Task item
Among the lines below, copy each one in which "using" appears.

———

lemma strongly_concave_first_order:
  fixes F :: "'a::real_inner \<Rightarrow> real"
  assumes sc: "strongly_concave_on \<mu> UNIV F" and der: "(F has_derivative (\<lambda>v. g \<bullet> v)) (at a)"
  shows "F y \<le> F a + g \<bullet> (y - a) - \<mu> / 2 * (norm (y - a))\<^sup>2"
proof -
  define d where "d = y - a"
  let ?q = "\<lambda>t. (F (a + t *\<^sub>R d) - F (a + 0 *\<^sub>R d)) / (t - 0)"
  have "((\<lambda>s. F (a + s *\<^sub>R d)) has_real_derivative g \<bullet> d) (at 0 within {0<..})"
    using has_real_derivative_along_line[of F g a 0 d] der by (simp add: has_field_derivative_at_within)
  then have "(?q \<longlongrightarrow> g \<bullet> d) (at_right 0)"
    unfolding has_field_derivative_iff .
  moreover have "((\<lambda>t. F y - F a + \<mu> / 2 * (1 - t) * (norm d)\<^sup>2)
      \<longlongrightarrow> F y - F a + \<mu> / 2 * (norm d)\<^sup>2) (at_right 0)"
    by (auto intro!: tendsto_eq_intros)
  moreover have "\<forall>\<^sub>F t in at_right 0. F y - F a + \<mu> / 2 * (1 - t) * (norm d)\<^sup>2 \<le> ?q t"
    unfolding eventually_at_right_field
  proof (intro exI[of _ 1] conjI allI impI)
    fix t :: real assume t: "0 < t" "t < 1"
    have "t * F y + (1 - t) * F a + \<mu> / 2 * t * (1 - t) * (norm d)\<^sup>2 \<le> F (t *\<^sub>R y + (1 - t) *\<^sub>R a)"
      using sc t by (auto simp: strongly_concave_on_def d_def)
    moreover have "t *\<^sub>R y + (1 - t) *\<^sub>R a = a + t *\<^sub>R d" by (simp add: d_def algebra_simps)
    ultimately have "t * (F y - F a + \<mu> / 2 * (1 - t) * (norm d)\<^sup>2) \<le> F (a + t *\<^sub>R d) - F a"
      by (simp add: algebra_simps)
    with t show "F y - F a + \<mu> / 2 * (1 - t) * (norm d)\<^sup>2 \<le> ?q t"
      by (simp add: field_simps)
  qed simp
  ultimately have "F y - F a + \<mu> / 2 * (norm d)\<^sup>2 \<le> g \<bullet> d"
    by (intro tendsto_le[of "at_right 0"]) auto
  then show ?thesis by (simp add: d_def)
qed

lemma DERIV_lipschitz_lower_bound:
  fixes G g :: "real \<Rightarrow> real"
  assumes der: "\<And>s. 0 \<le> s \<Longrightarrow> s \<le> 1 \<Longrightarrow> (G has_real_derivative g s) (at s)"
    and lip: "\<And>s. 0 \<le> s \<Longrightarrow> s \<le> 1 \<Longrightarrow> g 0 - g s \<le> L * s"
  shows "G 0 + g 0 - L / 2 \<le> G 1"
proof -
  define \<psi> where "\<psi> s = G s - s * g 0 + L / 2 * s\<^sup>2" for s
  have \<psi>': "(\<psi> has_real_derivative g s - g 0 + L * s) (at s)" if "0 \<le> s" "s \<le> 1" for s
    unfolding \<psi>_def using der[OF that] by (auto intro!: derivative_eq_intros)
  have "\<psi> 0 \<le> \<psi> 1"
  proof (rule DERIV_nonneg_imp_increasing_open[of 0 1])
    show "continuous_on {0..1} \<psi>"
      using \<psi>' by (intro DERIV_continuous_on[of _ _ "\<lambda>s. g s - g 0 + L * s"])
        (auto intro: has_field_derivative_at_within)
    fix s :: real assume s: "0 < s" "s < 1"
    then have "(\<psi> has_real_derivative g s - g 0 + L * s) (at s)" using \<psi>' by simp
    moreover have "0 \<le> g s - g 0 + L * s" using lip[of s] s by simp
    ultimately show "\<exists>y. (\<psi> has_real_derivative y) (at s) \<and> 0 \<le> y" by blast
  qed simp
  then show ?thesis by (simp add: \<psi>_def)
qed
(* Listed in increasing order, the numbers K L + j + K t with j < r are the values of
   i \<mapsto> K L + K (i div r) + i mod r, which is strictly increasing for r \<le> K; so alpha_s
   consists of its values at 0, ..., T - 1.  For K = L = T = m the sumset splits into
   [0, m^2 + 2m - 1) coming from alpha_p, the blocks m^2 + m u + [0, r) for 2 \<le> u < m
   coming from alpha_s + beta_p, and one interval from 2 m^2 to max alpha_s + m^2 + m
   coming from alpha_s + beta_s, which has no holes because consecutive entries of alpha_s
   differ by at most m.  This description is exact for r < m and a lower bound for r = m,
   so N(r) \<ge> m^2 + 2m - 1 + (m - 2) r + m (q + 1) + s where m - 1 = q r + s, s < r.
   For m = n^2, r times the difference of this bound at r and at n is
   (r - n) ((n^2 - 1) r - n^3) + (r - 1 - s) (m - r), and both products are nonnegative
   for integers r because n^3 / (n^2 - 1) \<le> n + 1. *)

lemma smallest_elems_strict_mono_range:
  assumes "strict_mono f"
  shows "smallest_elems T (range f) = f ` {..<T}"
proof -
  have "{y \<in> range f. y < f i} = f ` {..<i}" for i
    using strict_mono_less[OF assms] by auto
  then have "card {y \<in> range f. y < f i} = i" for i
    using strict_mono_imp_inj_on[OF assms] by (simp add: card_image inj_on_subset)
  then show ?thesis
    unfolding smallest_elems_def by auto
qed

definition gasp_alpha_s_enum :: "nat \<Rightarrow> nat \<Rightarrow> nat \<Rightarrow> nat \<Rightarrow> nat" where
  "gasp_alpha_s_enum K L r i = K * L + K * (i div r) + i mod r"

———

Task solution
    using has_real_derivative_along_line[of F g a 0 d] der by (simp add: has_field_derivative_at_within)
      using sc t by (auto simp: strongly_concave_on_def d_def)
    unfolding \<psi>_def using der[OF that] by (auto intro!: derivative_eq_intros)
      using \<psi>' by (intro DERIV_continuous_on[of _ _ "\<lambda>s. g s - g 0 + L * s"])
    then have "(\<psi> has_real_derivative g s - g 0 + L * s) (at s)" using \<psi>' by simp
    moreover have "0 \<le> g s - g 0 + L * s" using lip[of s] s by simp
    using strict_mono_less[OF assms] by auto
    using strict_mono_imp_inj_on[OF assms] by (simp add: card_image inj_on_subset)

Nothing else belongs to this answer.